Five years ago, Laurent Itti of the University of Southern California presented groundbreaking research on how humans see the world. Now, he is heading a $16-million Defense Advanced Research Project Agency effort to build machines that see the world in the way he discovered humans see.
But to do this, Itti and fellow scientists from eight other institutions first plan to learn more about how humans see, and then immediately use this more detailed knowledge to build new machines.
The "neuromorphic visual system for intelligent unmanned sensors" project builds on a previous effort called Neovision, which attempted the same goal, but relied on existing software systems that were not completely compatible with the neural systems that Itti had discovered were crucial.

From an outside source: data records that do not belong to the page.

lemma z8_sel_simps [simp]:
  "c0 0 = 0" "c1 0 = 0" "c2 0 = 0" "c3 0 = 0"
  "c0 1 = 1" "c1 1 = 0" "c2 1 = 0" "c3 1 = 0"
  "c0 (- x) = - c0 x" "c1 (- x) = - c1 x" "c2 (- x) = - c2 x" "c3 (- x) = - c3 x"
  "c0 (x + y) = c0 x + c0 y" "c1 (x + y) = c1 x + c1 y" "c2 (x + y) = c2 x + c2 y" "c3 (x + y) = c3 x + c3 y"
  "c0 (x - y) = c0 x - c0 y" "c1 (x - y) = c1 x - c1 y" "c2 (x - y) = c2 x - c2 y" "c3 (x - y) = c3 x - c3 y"
  by (simp_all add: zero_z8_def one_z8_def plus_z8_def uminus_z8_def minus_z8_def)

lemma of_int_z8: "of_int n = Z8 n 0 0 0"
proof -
  have "of_nat m = Z8 (int m) 0 0 0" for m
    by (induction m) (simp_all add: zero_z8_def one_z8_def plus_z8_def)
  then show ?thesis
    by (cases n rule: int_cases) (simp_all add: z8_eq_iff)
qed

text \<open>\<open>\<sigma>\<^sub>1(x) \<sigma>\<^sub>7(x) = relnorm_a x + relnorm_b x \<cdot> \<surd>2\<close> is the norm to \<open>\<int>[\<surd>2]\<close>.\<close>

definition relnorm_a :: "z8 \<Rightarrow> int" where
  "relnorm_a x = c0 x ^ 2 + c1 x ^ 2 + c2 x ^ 2 + c3 x ^ 2"

definition relnorm_b :: "z8 \<Rightarrow> int" where
  "relnorm_b x = c0 x * c1 x + c1 x * c2 x + c2 x * c3 x - c3 x * c0 x"

definition z8_norm :: "z8 \<Rightarrow> int" where
  "z8_norm x = relnorm_a x ^ 2 - 2 * relnorm_b x ^ 2"

definition conj3 :: "z8 \<Rightarrow> z8" where "conj3 x = Z8 (c0 x) (c3 x) (- c2 x) (c1 x)"
definition conj5 :: "z8 \<Rightarrow> z8" where "conj5 x = Z8 (c0 x) (- c1 x) (c2 x) (- c3 x)"
definition conj7 :: "z8 \<Rightarrow> z8" where "conj7 x = Z8 (c0 x) (- c3 x) (- c2 x) (- c1 x)"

The new project will try to build its eyes from the bottom up, from scratch, finding out more precisely how these neural systems function and then building new software and hardware into which the new understandings will be embedded, tying research directly to development in a continuing reciprocal process.
The goal is clear: "The modern battlefield requires that soldiers rapidly integrate information from a multitude of sensors," says Itti's project description. "A bottleneck with existing sensors is that they lack intelligence to parse and summarize the data. This results in information overload … Our goal is to create intelligent general-purpose cognitive vision sensors inspired from the primate brain, to alleviate the limitations of such human-based analysis."
To do this will require applying existing understandings as well as new fundamental research: "At the core of the present project is the belief that new basic science is crucial," the project description continues.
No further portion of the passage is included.